Get AI summaries of any video or article — Sign up free
Python Pydantic Tutorial: Complete Data Validation Course (Used by FastAPI) thumbnail

Python Pydantic Tutorial: Complete Data Validation Course (Used by FastAPI)

Corey Schafer·
5 min read

Based on Corey Schafer's video on YouTube. If you like this content, support the original creators by watching, liking and subscribing to their content.

TL;DR

Pydantic replaces hand-written validation by using BaseModel classes with type hints that enforce expectations at runtime.

Briefing

Pydantic is positioned as a practical replacement for hand-written validation: define a model with Python type hints, and Pydantic enforces those expectations at runtime—collecting all validation errors in one pass instead of failing on the first problem. That shift matters for real applications because it improves user experience (multiple issues reported together), reduces brittle boilerplate, and scales to complex inputs like nested objects, lists, and datetimes.
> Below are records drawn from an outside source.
(* Let $q$ be a prime power, $n\ge k\ge d\ge0$ integers, and $V_1,\dots,V_\ell$ subspaces of $\mathbb{F}_q^n$, each of dimension at most $k$. The following are equivalent: (1) there is a generic kernel pattern $(T_1,\dots,T_k)$ consisting solely of copies of $V_1,\dots,V_\ell$ and an additional $d$ copies of $\{0\}$; (2) there exist integers $\delta_1,\dots,\delta_\ell\ge0$ with $\sum_{i=1}^\ell\delta_i=k-d$ such that $\dim\big(\bigcap_{i\in\Omega}V_i\big)\le k-\sum_{i\in\Omega}\delta_i$ for every nonempty $\Omega\subseteq[\ell]$; (3) for every partition $P_1\sqcup\cdots\sqcup P_s=[\ell]$ into nonempty parts, $\sum_{i=1}^s\dim\big(\bigcap_{j\in P_i}V_j\big)\le(s-1)k+d$.
   Context: A generic kernel pattern is a $k$-tuple $(T_1,\dots,T_k)$ of subspaces of $\mathbb{F}_q^n$ with $\dim(\bigcap_{i\in\Omega}T_i)\le k-|\Omega|$ for all nonempty $\Omega\subseteq[k]$. *)

theory Defs
  imports "HOL-Analysis.Analysis" "HOL-Library.Disjoint_Sets"
begin

text \<open>Vectors of F^n are modelled as 'a ^ 'n with 'a a finite field and CARD('n) = n.
  A k-tuple (T_1,...,T_k) is a function T indexed by {..<k}.\<close>

definition generic_kernel_pattern :: "nat \<Rightarrow> (nat \<Rightarrow> ('a::field ^ 'n) set) \<Rightarrow> bool" where
  "generic_kernel_pattern k T \<longleftrightarrow>
     (\<forall>i<k. vec.subspace (T i)) \<and>
     (\<forall>\<Omega>. \<Omega> \<noteq> {} \<and> \<Omega> \<subseteq> {..<k} \<longrightarrow>
        vec.dim (\<Inter>i\<in>\<Omega>. T i) \<le> k - card \<Omega>)"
The tutorial starts with a manual validation example for a “create user” function that checks types field-by-field. When invalid data arrives (e.g., email is None and age is a string), the manual approach reports only the first error encountered. After fixing that, the next run reveals the next issue—an inefficient loop for both developers and users. Pydantic’s BaseModel approach replaces that code with a class that declares fields using type annotations. When the same invalid input is provided, Pydantic returns multiple validation errors at once (e.g., email must be a valid string and age must be a valid integer), along with structured error details.

From there, the focus moves to getting started with Pydantic v2, including installation via pip or UV and a key compatibility warning: method names changed between v1 and v2 (for example, model_dump and model_dump_json replace older conversion helpers). The tutorial then builds a “User” model from scratch, demonstrating how required fields work (no defaults), how optional fields behave (defaults like empty strings or booleans), and how true optional values use Union syntax with None. It also shows core ergonomics: accessing fields via dot notation, converting models to dictionaries or JSON with model_dump and model_dump_json, and handling validation failures via ValidationError.
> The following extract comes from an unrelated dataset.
(* Let $\mathcal W$ be a set of treatments, $(Y_t(w))_{w\in\mathcal W}$ i.i.d. over $t$, $W_t$ drawn with conditional law $P_{t-1}$ given $H^{t-1}=\{(Y_s,W_s):s<t\}$ that is a known function of $H^{t-1}$ (and does not depend on current or future potential outcomes), $Y_t=Y_t(W_t)$, $m(w)=\mathbb E[Y_t(w)]$; assume $\mathrm{Var}(Y_t(w))$ bounded above and away from zero and $\mathbb E|Y_t(w)|^{2+\delta}$ bounded, uniformly in $w$. Let $\psi$ be a linear functional continuous on each $L_2(P_{t-1})$ with Riesz representers $\gamma_t$ ($\mathbb E_{t-1}[\gamma_t f]=\psi(f)$ for $f\in L_2(P_{t-1})$) satisfying $\mathbb E_{t-1}[\gamma_t^2]>b>0$. Suppose that for some $\delta>0$, $\alpha\in[0,\delta/(2+\delta))$ and constants $C,C'>0$, $$\frac{\mathbb E_{t-1}[|\gamma_t|^{2+\delta}]}{\mathbb E_{t-1}[\gamma_t^2]^{2+\delta}}\le C\quad\text{and}\quad\mathbb E_{t-1}[\gamma_t^2]\le C't^\alpha\quad\text{for all }t.$$ For each horizon $T$ let $\lambda_t$, $t=1,\dots,T$, be $H^{t-1}$-measurable allocation rates with $\lambda_t<1$ for $t<T$, $\lambda_T=1$, and for some $C''>0$ $$\frac1{1+T-t}\le\lambda_t\le C''\frac{\mathbb E_{t-1}[\gamma_t^2]^{-1}}{t^{-\alpha}+T^{1-\alpha}-t^{1-\alpha}}.$$ Define $h_t\ge0$ by the recursion $h_t^2\,\mathbb E_{t-1}[\gamma_t^2]=\big(1-\sum_{s=1}^{t-1}h_s^2\,\mathbb E_{s-1}[\gamma_s^2]\big)\lambda_t$. Then, as $T\to\infty$: (A1) $\big(\sum_{t=1}^T h_t\big)^2/\mathbb E\big[\sum_{t=1}^T h_t^2\gamma_t^2\big]\to\infty$ in probability; (A2) for some $p>1$, $\sum_{t=1}^T h_t^2\mathbb E_{t-1}[\gamma_t^2]/\mathbb E\big[\sum_{t=1}^T h_t^2\gamma_t^2\big]\to1$ in $L_p$; (A3) $\sum_{t=1}^T h_t^{2+\delta}\mathbb E_{t-1}[|\gamma_t|^{2+\delta}]/\mathbb E\big[\sum_{t=1}^T h_t^2\gamma_t^2\big]^{1+\delta/2}\to0$ in probability.
   Context: $\mathbb E_{t-1}$ is conditional expectation given $H^{t-1}$; $\gamma_t$ inside expectations means $\gamma_t(W_t)$, with $\gamma_t=\gamma(\cdot;H^{t-1})$. $L_2(P_{t-1})$ is the space of functions $f$ with $\mathbb E_{t-1}[f(W_t)^2]<\infty$; continuity of $\psi$ means $|\psi(f)|\le c_{t-1}(\mathbb E_{t-1}[f(W_t)^2])^{1/2}$ for some $c_{t-1}$. *)

theory Defs
  imports "HOL-Probability.Probability"
begin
A major theme is how Pydantic validates and transforms data. Type coercion is enabled by default, so inputs like UID="123" may be converted to an integer automatically, while incompatible conversions (like UID="test") produce errors. The tutorial expands into supported types (primitives, collections, and datetime types), unions, and Literal constraints for fields that must match exact allowed values.

Next comes field constraints using Pydantic v2’s recommended annotated pattern: annotated types combined with metadata such as greater-than/less-than bounds, min/max string lengths, and regex patterns for formats like URL-friendly slugs. When invalid values violate those constraints, Pydantic reports all failures together with clear messages.

The tutorial then highlights Pydantic’s built-in “special types” for common validation needs—email strings, HTTP URLs, secret strings for passwords, and UUID generation—often requiring optional extra dependencies (like email-validator). It also demonstrates custom validation and normalization using field_validator and model_validator, including the difference between running logic after type validation (default) versus before it (mode="before") when preprocessing is required.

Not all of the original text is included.